To H, from whom I have no secrets. Well, not many, anyway.

Acknowledgements

A big thank you to Mark Hedley, Jenny Bond, Rosie Andrews and Olivia Heywood for all

their generous advice. And hugest gratitude as always to Linda Evans, Patrick Plonkington-

Smythe, Araminta Whitley and Celia Hayley, my boys and the board.

ONE

Of course I have secrets.

Of course I do. Everyone has a secret. It's completely normal. I'm sure I don't have any more

than anybody else.

I'm not talking about big, earth-shattering secrets. Not the-president-is-planning-to-bomb-

Japan-and-only-Will-Smith-can-save-the-world type secrets. Just normal, everyday little

secrets.

Like for example, here are a few random secrets of mine, off the top of my head:

1. My Kate Spade bag is a fake.

2. I love sweet sherry, the least cool drink in the universe.

3. I have no idea what NATO stands for. Or even what it is.

4. I weigh 9 stone 3. Not 8 stone 3, like my boyfriend Connor thinks. (Although in my

defence, I was planning to go on a diet when I told him that. And to be fair, it is only one

number different.)

5. I've always thought Connor looks a bit like Ken. As in Barbie and Ken.

6. Sometimes, when we're right in the middle of passionate sex, I suddenly want to laugh.

7. I lost my virginity in the spare bedroom with Danny Nussbaum, while Mum and Dad were

downstairs watching Ben Hur.

8. I've already drunk the wine that Dad told me to lay down for twenty years.
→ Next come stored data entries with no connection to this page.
lemma scalar_prod_sym_mat:
  fixes M :: "'a :: comm_semiring_0 mat"
  assumes M: "M \<in> carrier_mat k k" and sym: "transpose_mat M = M"
    and x: "x \<in> carrier_vec k" and y: "y \<in> carrier_vec k"
  shows "y \<bullet> (M *\<^sub>v x) = x \<bullet> (M *\<^sub>v y)"
proof -
  have "y \<bullet> (M *\<^sub>v x) = (transpose_mat M *\<^sub>v y) \<bullet> x"
    using transpose_vec_mult_scalar[OF M x y] by simp
  also have "\<dots> = x \<bullet> (M *\<^sub>v y)"
    unfolding sym by (rule comm_scalar_prod[of _ k]) (use M x y in auto)
  finally show ?thesis .
qed

lemma scalar_prod_self_adjoint:
  fixes A M :: "'a :: comm_semiring_0 mat"
  assumes A: "A \<in> carrier_mat k k" and M: "M \<in> carrier_mat k k"
    and M_sym: "transpose_mat M = M" and MA_sym: "transpose_mat (M * A) = M * A"
    and x: "x \<in> carrier_vec k" and y: "y \<in> carrier_vec k"
  shows "x \<bullet> (M *\<^sub>v (A *\<^sub>v y)) = (A *\<^sub>v x) \<bullet> (M *\<^sub>v y)"
proof -
  have MA: "M * A \<in> carrier_mat k k" using A M by simp
  have "x \<bullet> (M *\<^sub>v (A *\<^sub>v y)) = x \<bullet> ((M * A) *\<^sub>v y)"
    using A M y by simp
  also have "\<dots> = y \<bullet> ((M * A) *\<^sub>v x)"
    by (rule scalar_prod_sym_mat[OF MA MA_sym y x])
  also have "\<dots> = y \<bullet> (M *\<^sub>v (A *\<^sub>v x))"
    using A M x by simp
  also have "\<dots> = (A *\<^sub>v x) \<bullet> (M *\<^sub>v y)"
    using scalar_prod_sym_mat[OF M M_sym _ y, of "A *\<^sub>v x"] A x by simp
  finally show ?thesis .
qed

lemma transpose_smult_mat: "transpose_mat (c \<cdot>\<^sub>m A) = c \<cdot>\<^sub>m transpose_mat A"
  by (rule eq_matI) auto

lemma self_adjoint_char_matrix:
  fixes A M :: "'a :: field mat"
  assumes A: "A \<in> carrier_mat k k" and M: "M \<in> carrier_mat k k"
    and M_sym: "transpose_mat M = M" and MA_sym: "transpose_mat (M * A) = M * A"
  shows "transpose_mat (M * char_matrix A ev) = M * char_matrix A ev"
proof -
  have "M * char_matrix A ev = M * A + (- ev) \<cdot>\<^sub>m M"
    unfolding char_matrix_def using A M
    by (simp add: mult_add_distrib_mat[of M k k A k] mult_smult_distrib[of M k k _ k])
  moreover have "transpose_mat (M * A + (- ev) \<cdot>\<^sub>m M) = M * A + (- ev) \<cdot>\<^sub>m M"
    using A M M_sym MA_sym by (simp add: transpose_add[of _ k k] transpose_smult_mat)
  ultimately show ?thesis by simp
qed

lemma mult_mat_vec_zero[simp]:
  "M \<in> carrier_mat r k \<Longrightarrow> M *\<^sub>v 0\<^sub>v k = (0\<^sub>v r :: 'a :: comm_ring_1 vec)"
  by (intro eq_vecI) (auto simp: scalar_prod_def)

text \<open>If \<open>B\<^sup>2 v = 0\<close> then \<open>\<langle>B v, B v\<rangle> = \<langle>v, B\<^sup>2 v\<rangle> = 0\<close>.\<close>

lemma self_adjoint_mat_kernel_square:
  fixes B M :: "real mat"
  assumes B: "B \<in> carrier_mat k k" and M: "pos_def_mat k M"
    and MB_sym: "transpose_mat (M * B) = M * B"
  shows "mat_kernel (B ^\<^sub>m 2) = mat_kernel B"
proof -
  have M_carrier: "M \<in> carrier_mat k k" and M_sym: "transpose_mat M = M"
    using M by (auto simp: pos_def_mat_def)
  have B2: "B ^\<^sub>m 2 = B * B" using B by (simp add: numeral_2_eq_2)
  have BB: "B * B \<in> carrier_mat k k" using B by simp
  have "B * B *\<^sub>v v = 0\<^sub>v k \<longleftrightarrow> B *\<^sub>v v = 0\<^sub>v k" if v: "v \<in> carrier_vec k" for v
  proof
    assume BBv: "B * B *\<^sub>v v = 0\<^sub>v k"
    show "B *\<^sub>v v = 0\<^sub>v k"
    proof (rule ccontr)
      assume nz: "B *\<^sub>v v \<noteq> 0\<^sub>v k"
      have Bv: "B *\<^sub>v v \<in> carrier_vec k" using B v by simp
      have "(B *\<^sub>v v) \<bullet> (M *\<^sub>v (B *\<^sub>v v)) = v \<bullet> (M *\<^sub>v (B *\<^sub>v (B *\<^sub>v v)))"
        using scalar_prod_self_adjoint[OF B M_carrier M_sym MB_sym v Bv] by simp
      also have "\<dots> = 0" using B BBv M_carrier v by simp
      finally show False using M nz Bv by (auto simp: pos_def_mat_def)
    qed
  next
    assume "B *\<^sub>v v = 0\<^sub>v k"
    thus "B * B *\<^sub>v v = 0\<^sub>v k" using B v by simp
  qed
  thus ?thesis unfolding B2 mat_kernel[OF B] mat_kernel[OF BB] by auto
qed

lemma mult_mat_vec_Re_Im:
  fixes A :: "real mat" and v :: "complex vec"
  assumes A: "A \<in> carrier_mat k k" and v: "v \<in> carrier_vec k"
    and ev: "map_mat complex_of_real A *\<^sub>v v = a \<cdot>\<^sub>v v"
  shows "A *\<^sub>v map_vec Re v = Re a \<cdot>\<^sub>v map_vec Re v - Im a \<cdot>\<^sub>v map_vec Im v"
    and "A *\<^sub>v map_vec Im v = Im a \<cdot>\<^sub>v map_vec Re v + Re a \<cdot>\<^sub>v map_vec Im v"
proof -
  have row: "(\<Sum>j<k. complex_of_real (A $$ (i, j)) * v $ j) = a * v $ i" if i: "i < k" for i
  proof -
    have "(map_mat complex_of_real A *\<^sub>v v) $ i = (a \<cdot>\<^sub>v v) $ i" using ev by simp
    thus ?thesis using i A v by (simp add: scalar_prod_def lessThan_atLeast0)
  qed
  show "A *\<^sub>v map_vec Re v = Re a \<cdot>\<^sub>v map_vec Re v - Im a \<cdot>\<^sub>v map_vec Im v"
    using arg_cong[OF row, of _ Re] A v
    by (intro eq_vecI) (auto simp: scalar_prod_def lessThan_atLeast0)
  show "A *\<^sub>v map_vec Im v = Im a \<cdot>\<^sub>v map_vec Re v + Re a \<cdot>\<^sub>v map_vec Im v"
    using arg_cong[OF row, of _ Im] A v
    by (intro eq_vecI) (auto simp: scalar_prod_def lessThan_atLeast0)
qed

text \<open>With \<open>v = x + i y\<close>, self-adjointness gives \<open>\<langle>x, A y\<rangle> = \<langle>A x, y\<rangle>\<close>, which expands to
  \<open>Im a (\<langle>x, x\<rangle> + \<langle>y, y\<rangle>) = 0\<close>.\<close>

lemma self_adjoint_eigenvalue_real:
  fixes A M :: "real mat" and v :: "complex vec"
  assumes A: "A \<in> carrier_mat k k" and M: "pos_def_mat k M"
    and MA_sym: "transpose_mat (M * A) = M * A"
    and v: "v \<in> carrier_vec k" and v0: "v \<noteq> 0\<^sub>v k"
    and ev: "map_mat complex_of_real A *\<^sub>v v = a \<cdot>\<^sub>v v"
  shows "Im a = 0"
proof -
  have M_carrier: "M \<in> carrier_mat k k" and M_sym: "transpose_mat M = M"
    using M by (auto simp: pos_def_mat_def)
  define x where "x = map_vec Re v"
  define y where "y = map_vec Im v"
  have x: "x \<in> carrier_vec k" and y: "y \<in> carrier_vec k" using v by (auto simp: x_def y_def)
  note Ax = mult_mat_vec_Re_Im(1)[OF A v ev, folded x_def y_def]
  note Ay = mult_mat_vec_Re_Im(2)[OF A v ev, folded x_def y_def]
  have Mx: "M *\<^sub>v x \<in> carrier_vec k" and My: "M *\<^sub>v y \<in> carrier_vec k"
    using M_carrier x y by auto
  have yx: "y \<bullet> (M *\<^sub>v x) = x \<bullet> (M *\<^sub>v y)" by (rule scalar_prod_sym_mat[OF M_carrier M_sym x y])
  have "Im a * (x \<bullet> (M *\<^sub>v x)) + Re a * (x \<bullet> (M *\<^sub>v y)) = x \<bullet> (M *\<^sub>v (A *\<^sub>v y))"
    unfolding Ay using M_carrier x y Mx My
    by (simp add: mult_add_distrib_mat_vec[of M k k] mult_mat_vec scalar_prod_add_distrib[of _ k])
  also have "\<dots> = (A *\<^sub>v x) \<bullet> (M *\<^sub>v y)"
    by (rule scalar_prod_self_adjoint[OF A M_carrier M_sym MA_sym x y])
  also have "\<dots> = Re a * (x \<bullet> (M *\<^sub>v y)) - Im a * (y \<bullet> (M *\<^sub>v y))"
    unfolding Ax using x y My yx by (simp add: minus_scalar_prod_distrib[of _ k])
  finally have eq: "Im a * (x \<bullet> (M *\<^sub>v x) + y \<bullet> (M *\<^sub>v y)) = 0" by (simp add: algebra_simps)
  have "x \<noteq> 0\<^sub>v k \<or> y \<noteq> 0\<^sub>v k"
  proof (rule ccontr)
    assume "\<not> ?thesis"
    hence "x = 0\<^sub>v k" "y = 0\<^sub>v k" by auto
    have "v $ i = 0" if i: "i < k" for i
    proof -
      have "Re (v $ i) = x $ i" "Im (v $ i) = y $ i" using i v by (auto simp: x_def y_def)
      thus ?thesis using i \<open>x = 0\<^sub>v k\<close> \<open>y = 0\<^sub>v k\<close> by (simp add: complex_eq_iff)
    qed
    hence "v = 0\<^sub>v k" using v by (intro eq_vecI) auto
    with v0 show False ..
  qed
  hence "x \<bullet> (M *\<^sub>v x) + y \<bullet> (M *\<^sub>v y) > 0"
    using M x y pos_def_mat_nonneg[OF M x] pos_def_mat_nonneg[OF M y]
    by (auto simp: pos_def_mat_def add_pos_nonneg add_nonneg_pos)
  with eq show ?thesis by simp
qed

interpretation of_real_poly_hom: map_poly_inj_idom_hom "of_real :: real \<Rightarrow> complex" ..

lemma map_poly_of_real_linear_prod:
  "map_poly (of_real :: real \<Rightarrow> complex) (\<Prod>a\<leftarrow>xs. [:- a, 1:]) = (\<Prod>a\<leftarrow>xs. [:- of_real a, 1:])"
  by (induct xs) (simp_all only: list.map prod_list.Cons of_real_poly_hom.hom_mult, simp_all)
9. Sammy the goldfish at home isn't the same goldfish that Mum and Dad gave me to look

after when they went to Egypt.

10. When my colleague Artemis really annoys me, I feed her plant orange juice. (Which is

pretty much every day.)

11. I once had this weird lesbian dream about my flatmate Lissy.

12. My G-string is hurting me.

13. I've always had this deep down conviction that I'm not like everybody else, and there's an

amazingly exciting new life waiting for me just around the corner.

14. I have no idea what this guy in the grey suit is going on about.

15. Plus I've already forgotten his name.

And I only met him ten minutes ago.

'We believe in logistical formative alliances,' he's saying in a nasal, droning voice, 'both above

and below the line.'

'Absolutely!' I reply brightly, as though to say: Doesn't everybody?

Logistical. What does that mean, again?

Oh God. What if they ask me?

Don't be stupid, Emma. They won't suddenly demand, 'What does logistical mean?' I'm a

fellow marketing professional, aren't I? Obviously I know these things.

And anyway, if they mention it again I'll change the subject. Or I'll say I'm post-logistical or

something.

The important thing is to keep confident and businesslike. I can do this. This is my big chance

and I'm not going to screw it up.

I'm sitting in the offices of Glen Oil's headquarters in Glasgow, and as I glance at my

reflection in the window, I look just like a top businesswoman. My hair is straightened, I'm

wearing discreet earrings like they tell you to in How-to-win-that-job articles, and I've got on

my smart new Jigsaw suit. (At least, it's practically new. I got it from the Cancer Research

shop and sewed on a button to replace the missing one, and you can hardly tell.)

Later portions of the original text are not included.